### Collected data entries
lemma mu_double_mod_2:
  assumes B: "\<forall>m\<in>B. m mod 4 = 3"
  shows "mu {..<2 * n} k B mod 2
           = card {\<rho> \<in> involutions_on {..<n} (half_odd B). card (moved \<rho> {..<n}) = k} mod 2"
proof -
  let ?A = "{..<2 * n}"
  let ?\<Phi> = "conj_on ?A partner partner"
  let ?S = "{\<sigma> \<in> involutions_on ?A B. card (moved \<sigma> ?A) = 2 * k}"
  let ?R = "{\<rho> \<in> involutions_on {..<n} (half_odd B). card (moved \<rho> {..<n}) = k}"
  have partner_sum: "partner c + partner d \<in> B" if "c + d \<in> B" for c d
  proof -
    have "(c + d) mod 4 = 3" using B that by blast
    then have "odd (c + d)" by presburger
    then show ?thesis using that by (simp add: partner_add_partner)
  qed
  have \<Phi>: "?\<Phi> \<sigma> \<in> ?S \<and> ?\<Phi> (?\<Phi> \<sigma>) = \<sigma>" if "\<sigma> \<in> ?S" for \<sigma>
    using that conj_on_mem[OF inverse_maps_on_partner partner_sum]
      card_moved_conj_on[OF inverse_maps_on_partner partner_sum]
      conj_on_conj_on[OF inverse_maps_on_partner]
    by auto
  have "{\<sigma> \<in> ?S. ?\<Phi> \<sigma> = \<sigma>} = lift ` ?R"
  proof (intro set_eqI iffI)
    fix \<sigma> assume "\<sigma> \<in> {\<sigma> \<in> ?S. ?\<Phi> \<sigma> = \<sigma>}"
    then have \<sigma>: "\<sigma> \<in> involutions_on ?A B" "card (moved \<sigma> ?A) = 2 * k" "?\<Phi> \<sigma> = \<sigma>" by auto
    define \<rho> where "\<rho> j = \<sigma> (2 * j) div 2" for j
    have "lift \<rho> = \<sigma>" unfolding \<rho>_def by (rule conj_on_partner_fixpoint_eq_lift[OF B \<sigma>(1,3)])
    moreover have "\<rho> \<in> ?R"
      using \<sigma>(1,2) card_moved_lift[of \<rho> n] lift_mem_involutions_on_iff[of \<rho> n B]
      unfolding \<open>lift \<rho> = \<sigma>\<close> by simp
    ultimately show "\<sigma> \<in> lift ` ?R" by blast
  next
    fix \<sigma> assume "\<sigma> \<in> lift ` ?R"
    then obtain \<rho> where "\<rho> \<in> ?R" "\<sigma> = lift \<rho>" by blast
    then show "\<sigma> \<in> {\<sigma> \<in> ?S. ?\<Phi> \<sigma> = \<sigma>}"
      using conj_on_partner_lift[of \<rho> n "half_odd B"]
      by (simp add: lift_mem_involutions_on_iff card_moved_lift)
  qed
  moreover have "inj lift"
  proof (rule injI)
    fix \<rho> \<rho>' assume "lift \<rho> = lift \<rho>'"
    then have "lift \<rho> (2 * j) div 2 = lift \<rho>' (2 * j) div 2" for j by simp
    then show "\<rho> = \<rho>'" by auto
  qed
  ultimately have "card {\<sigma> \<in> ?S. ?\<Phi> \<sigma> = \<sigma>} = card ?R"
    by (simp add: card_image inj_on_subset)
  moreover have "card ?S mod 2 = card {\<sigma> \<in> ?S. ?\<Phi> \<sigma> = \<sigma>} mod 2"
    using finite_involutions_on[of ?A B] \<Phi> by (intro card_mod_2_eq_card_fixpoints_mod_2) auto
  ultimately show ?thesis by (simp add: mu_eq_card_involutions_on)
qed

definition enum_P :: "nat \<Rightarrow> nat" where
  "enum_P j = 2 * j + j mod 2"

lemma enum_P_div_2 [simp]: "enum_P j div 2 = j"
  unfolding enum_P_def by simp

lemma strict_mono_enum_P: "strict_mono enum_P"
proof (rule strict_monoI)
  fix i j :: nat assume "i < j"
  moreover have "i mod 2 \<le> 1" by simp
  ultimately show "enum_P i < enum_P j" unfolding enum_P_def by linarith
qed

### Task details
Go back to the data above and please quote exactly, and only, the lines from the line with "fix i j :: nat" through its last line.

### Reply
  fix i j :: nat assume "i < j"
  moreover have "i mod 2 \<le> 1" by simp
  ultimately show "enum_P i < enum_P j" unfolding enum_P_def by linarith
qed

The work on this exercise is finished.